ACTIVITY:
Filtering the records below, copy only those lines that include the word "rule".

*** Opening DATA FOR THE TASK ***

(* Let $\boldsymbol k$ be an algebraically closed field with $\operatorname{char}\boldsymbol k\neq 2$, let $V$ be a vector space over $\boldsymbol k$ of finite dimension $n$, let $\mathcal M:=V^*\otimes V^*\otimes V$, and let $G:=\mathrm{GL}(V)$ act naturally on $\mathcal M$. Then there exist two finite sets $\{s_p\}_{p\in P}$ and $\{t_q\}_{q\in Q}$ of nonconstant polynomial functions on $\mathcal M$ such that: (i) the closed subset $\mathcal S:=\{m\in\mathcal M\mid s_p(m)=0\ \forall p\in P\}$ is irreducible, and the map $\boldsymbol k(\mathcal M)^G\to\boldsymbol k(\mathcal S)$, $f\mapsto f|_{\mathcal S}$, is well defined and is a $\boldsymbol k$-isomorphism of fields; (ii) for every point $a$ of the open dense subset $\{m\in\mathcal M\mid t_q(m)\neq 0\ \forall q\in Q\}$ of $\mathcal M$ there exists a unique element $g\in G$ with $g\cdot a\in\mathcal S$.
   Context: $\boldsymbol k(\mathcal M)^G$ denotes the field of $G$-invariant rational functions on $\mathcal M$, and $\boldsymbol k(\mathcal S)$ the field of rational functions on the irreducible variety $\mathcal S$. Topology is the Zariski topology. *)

theory Defs
  imports Main "HOL-Computational_Algebra.Polynomial"
begin

definition alg_closed :: "'k::field itself \<Rightarrow> bool" where
  "alg_closed _ \<longleftrightarrow> (\<forall>p::'k poly. degree p > 0 \<longrightarrow> (\<exists>x. poly p x = 0))"

text \<open>V = k^n with basis indexed by the finite type 'n.  An element of
  M = V* \<otimes> V* \<otimes> V is given by its structure constants m i j c, i.e.
  the bilinear map with m(e_i,e_j) = \<Sum>c. m i j c e_c.\<close>
type_synonym ('k,'n) tensor = "'n \<Rightarrow> 'n \<Rightarrow> 'n \<Rightarrow> 'k"
type_synonym ('k,'n) mat = "'n \<Rightarrow> 'n \<Rightarrow> 'k"

definition mat_mult :: "('k::comm_ring_1,'n::finite) mat \<Rightarrow> ('k,'n) mat \<Rightarrow> ('k,'n) mat" where
  "mat_mult A B = (\<lambda>i j. \<Sum>l\<in>UNIV. A i l * B l j)"

definition mat_one :: "('k::comm_ring_1,'n::finite) mat" where
  "mat_one = (\<lambda>i j. if i = j then 1 else 0)"

definition GL :: "('k::comm_ring_1,'n::finite) mat set" where
  "GL = {g. \<exists>h. mat_mult g h = mat_one \<and> mat_mult h g = mat_one}"

definition mat_inv :: "('k::comm_ring_1,'n::finite) mat \<Rightarrow> ('k,'n) mat" where
  "mat_inv g = (SOME h. mat_mult g h = mat_one \<and> mat_mult h g = mat_one)"

text \<open>Natural action: (g.m)(x,y) = g (m (g^-1 x, g^-1 y)), where g e_a = \<Sum>c. g c a e_c.\<close>
definition act :: "('k::comm_ring_1,'n::finite) mat \<Rightarrow> ('k,'n) tensor \<Rightarrow> ('k,'n) tensor" where
  "act g m = (\<lambda>i j k. \<Sum>a\<in>UNIV. \<Sum>b\<in>UNIV. \<Sum>c\<in>UNIV.
       mat_inv g a i * mat_inv g b j * m a b c * g k c)"

inductive_set polyfun :: "(('k::comm_ring_1,'n) tensor \<Rightarrow> 'k) set" where
  const: "(\<lambda>_. c) \<in> polyfun"
| coord: "(\<lambda>m. m i j k) \<in> polyfun"
| add: "p \<in> polyfun \<Longrightarrow> q \<in> polyfun \<Longrightarrow> (\<lambda>m. p m + q m) \<in> polyfun"
| mult: "p \<in> polyfun \<Longrightarrow> q \<in> polyfun \<Longrightarrow> (\<lambda>m. p m * q m) \<in> polyfun"

definition nonconstant :: "('a \<Rightarrow> 'k) \<Rightarrow> bool" where
  "nonconstant f \<longleftrightarrow> (\<exists>x y. f x \<noteq> f y)"

definition zariski_closed :: "('k::comm_ring_1,'n) tensor set \<Rightarrow> bool" where
  "zariski_closed Z \<longleftrightarrow> (\<exists>F \<subseteq> polyfun. Z = {m. \<forall>f\<in>F. f m = 0})"

definition zariski_open :: "('k::comm_ring_1,'n) tensor set \<Rightarrow> bool" where
  "zariski_open U \<longleftrightarrow> zariski_closed (- U)"

definition zariski_dense :: "('k::comm_ring_1,'n) tensor set \<Rightarrow> bool" where
  "zariski_dense U \<longleftrightarrow> (\<forall>W. zariski_open W \<and> W \<noteq> {} \<longrightarrow> W \<inter> U \<noteq> {})"

definition irreducible_set :: "('k::comm_ring_1,'n) tensor set \<Rightarrow> bool" where
  "irreducible_set S \<longleftrightarrow> S \<noteq> {} \<and>
     (\<forall>Z1 Z2. zariski_closed Z1 \<and> zariski_closed Z2 \<and> S \<subseteq> Z1 \<union> Z2 \<longrightarrow> S \<subseteq> Z1 \<or> S \<subseteq> Z2)"

text \<open>Rational functions are represented by fractions (p,q) of polynomial functions.
  k(M): q not identically zero; two fractions are equal iff p q' = p' q on M.
  k(S) for irreducible closed S: q not identically zero on S; equality iff p q' = p' q on S.\<close>
definition ratM :: "((('k::comm_ring_1,'n) tensor \<Rightarrow> 'k) \<times> (('k,'n) tensor \<Rightarrow> 'k)) set" where
  "ratM = {(p,q). p \<in> polyfun \<and> q \<in> polyfun \<and> (\<exists>m. q m \<noteq> 0)}"

definition eqM :: "(('k::comm_ring_1,'n) tensor \<Rightarrow> 'k) \<times> (('k,'n) tensor \<Rightarrow> 'k)
     \<Rightarrow> (('k,'n) tensor \<Rightarrow> 'k) \<times> (('k,'n) tensor \<Rightarrow> 'k) \<Rightarrow> bool" where
  "eqM f f' \<longleftrightarrow> (\<forall>m. fst f m * snd f' m = fst f' m * snd f m)"

definition ratM_inv :: "((('k::field,'n::finite) tensor \<Rightarrow> 'k) \<times> (('k,'n) tensor \<Rightarrow> 'k)) set" where
  "ratM_inv = {f \<in> ratM. \<forall>g\<in>GL. eqM (fst f \<circ> act g, snd f \<circ> act g) f}"

definition ratS :: "('k::comm_ring_1,'n) tensor set
     \<Rightarrow> ((('k,'n) tensor \<Rightarrow> 'k) \<times> (('k,'n) tensor \<Rightarrow> 'k)) set" where
  "ratS S = {(p,q). p \<in> polyfun \<and> q \<in> polyfun \<and> (\<exists>m\<in>S. q m \<noteq> 0)}"

definition eqS :: "('k::comm_ring_1,'n) tensor set \<Rightarrow> (('k,'n) tensor \<Rightarrow> 'k) \<times> (('k,'n) tensor \<Rightarrow> 'k)
     \<Rightarrow> (('k,'n) tensor \<Rightarrow> 'k) \<times> (('k,'n) tensor \<Rightarrow> 'k) \<Rightarrow> bool" where
  "eqS S f f' \<longleftrightarrow> (\<forall>m\<in>S. fst f m * snd f' m = fst f' m * snd f m)"

text \<open>The restriction map k(M)^G \<rightarrow> k(S), f \<mapsto> f|_S, is well defined and bijective.
  On representatives it is the identity (a fraction whose denominator does not vanish
  identically on S is read as an element of k(S)); hence it is automatically compatible
  with the field operations and with k-scalars, so it is a k-isomorphism of fields iff:
  (1) every class in k(M)^G has a representative whose denominator does not vanish on S
      (well-definedness, independence of representative being automatic);
  (2) it is injective; (3) it is surjective.\<close>
definition restriction_iso :: "('k::field,'n::finite) tensor set \<Rightarrow> bool" where
  "restriction_iso S \<longleftrightarrow>
     (\<forall>f\<in>ratM_inv. \<exists>f'\<in>ratS S. eqM f f') \<and>
     (\<forall>f1\<in>ratM_inv \<inter> ratS S. \<forall>f2\<in>ratM_inv \<inter> ratS S. eqS S f1 f2 \<longrightarrow> eqM f1 f2) \<and>
     (\<forall>h\<in>ratS S. \<exists>f\<in>ratM_inv \<inter> ratS S. eqS S f h)"

end

theory Submission
  imports Defs "HOL-Analysis.Determinants"
begin

text \<open>
  View \<open>m \<in> M\<close> as a bilinear product \<open>x \<cdot> y\<close> on \<open>V\<close>, let \<open>\<tau>(y) = tr(z \<mapsto> y \<cdot> z)\<close> and let
  \<open>A(x, y) = \<tau>(x \<cdot> y)\<close> be the associated trace form. All of these are \<open>GL(V)\<close>-equivariant.
  Where \<open>A\<close> is nondegenerate there is a unique \<open>u\<close> with \<open>A(u, -) = \<tau>\<close>, and the vectors
  \<open>v\<^sub>0 = u\<close>, \<open>v\<^sub>k\<^sub>+\<^sub>1 = u \<cdot> v\<^sub>k\<close> depend rationally and equivariantly on \<open>m\<close>. On the open set where
  they form a basis, the matrix \<open>P(m)\<close> with columns \<open>v\<^sub>k\<close> satisfies \<open>P(g \<cdot> m) = g P(m)\<close>, so
  \<open>g = P(m)\<^sup>-\<^sup>1\<close> is the unique group element moving \<open>m\<close> into the slice \<open>S = {P = 1}\<close>.
  Writing out \<open>P = 1\<close> gives a normal form that is the fixed-point set of a polynomial retraction
  of \<open>M\<close>; hence \<open>S\<close> is irreducible. Finally, for any slice with a rational normalizer
  \<open>\<gamma>\<close>, an invariant rational function is determined by its restriction to \<open>S\<close>, and a rational
  function \<open>h\<close> on \<open>S\<close> extends to the invariant \<open>m \<mapsto> h(\<gamma>(m) \<cdot> m)\<close>.
\<close>

section \<open>Polynomial functions\<close>

lemma polyfun_diff:
  assumes "p \<in> polyfun" "q \<in> polyfun"
  shows "(\<lambda>m. p m - q m) \<in> polyfun"
proof -
  have "(\<lambda>m. p m + (\<lambda>_. -1) m * q m) \<in> polyfun"
    using assms by (intro polyfun.intros)
  then show ?thesis by simp
qed

lemma polyfun_if:
  "p \<in> polyfun \<Longrightarrow> q \<in> polyfun \<Longrightarrow> (\<lambda>m. if P then p m else q m) \<in> polyfun"
  by (cases P) simp_all

lemma polyfun_sum:
  "finite A \<Longrightarrow> (\<And>a. a \<in> A \<Longrightarrow> (\<lambda>m. F a m) \<in> polyfun) \<Longrightarrow> (\<lambda>m. \<Sum>a\<in>A. F a m) \<in> polyfun"
proof (induction A rule: finite_induct)
  case empty
  then show ?case using polyfun.const[of 0] by simp
next
  case (insert x A)
  then show ?case by (simp add: polyfun.add)
qed

lemma polyfun_prod:
  "finite A \<Longrightarrow> (\<And>a. a \<in> A \<Longrightarrow> (\<lambda>m. F a m) \<in> polyfun) \<Longrightarrow> (\<lambda>m. \<Prod>a\<in>A. F a m) \<in> polyfun"
proof (induction A rule: finite_induct)
  case empty
  then show ?case using polyfun.const[of 1] by simp
next
  case (insert x A)
  then show ?case by (simp add: polyfun.mult)
qed

lemma polyfun_det:
  fixes M :: "('k::comm_ring_1,'n::finite) tensor \<Rightarrow> 'm::finite \<Rightarrow> 'm \<Rightarrow> 'k"
  assumes "\<And>i j. (\<lambda>m. M m i j) \<in> polyfun"
  shows "(\<lambda>m. det (\<chi> i j. M m i j)) \<in> polyfun"
  unfolding det_def
  by (intro polyfun_sum polyfun.mult polyfun.const polyfun_prod) (simp_all add: assms)

lemma polyfun_compose:
  assumes "p \<in> polyfun" and "\<And>i j c. (\<lambda>m. F m i j c) \<in> polyfun"
  shows "(\<lambda>m. p (F m)) \<in> polyfun"
  using assms(1)
proof induction
  case (const c)
  then show ?case by (rule polyfun.const)
next
  case (coord i j k)
  then show ?case by (rule assms(2))
next
  case (add p q)
  then show ?case using polyfun.add[of "\<lambda>m. p (F m)" "\<lambda>m. q (F m)"] by simp
next
  case (mult p q)
  then show ?case using polyfun.mult[of "\<lambda>m. p (F m)" "\<lambda>m. q (F m)"] by simp
qed

lemma polyfun_on_line:
  assumes "p \<in> polyfun"
  shows "\<exists>P. \<forall>t. poly P t = p (\<lambda>i j c. a i j c + t * b i j c)"
  using assms
proof induction
  case (const c)
  then show ?case by (intro exI[of _ "[:c:]"]) simp
next
  case (coord i j k)
  then show ?case by (intro exI[of _ "[:a i j k, b i j k:]"]) (simp add: algebra_simps)
next
  case (add p q)
  then obtain P Q where "\<forall>t. poly P t = p (\<lambda>i j c. a i j c + t * b i j c)"
    "\<forall>t. poly Q t = q (\<lambda>i j c. a i j c + t * b i j c)" by blast
  then show ?case by (intro exI[of _ "P + Q"]) simp
next
  case (mult p q)
  then obtain P Q where "\<forall>t. poly P t = p (\<lambda>i j c. a i j c + t * b i j c)"
    "\<forall>t. poly Q t = q (\<lambda>i j c. a i j c + t * b i j c)" by blast
  then show ?case by (intro exI[of _ "P * Q"]) simp
qed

*** Closing DATA FOR THE TASK ***

RESULT BELOW:
proof (induction A rule: finite_induct)
proof (induction A rule: finite_induct)
  then show ?case by (rule polyfun.const)
  then show ?case by (rule assms(2))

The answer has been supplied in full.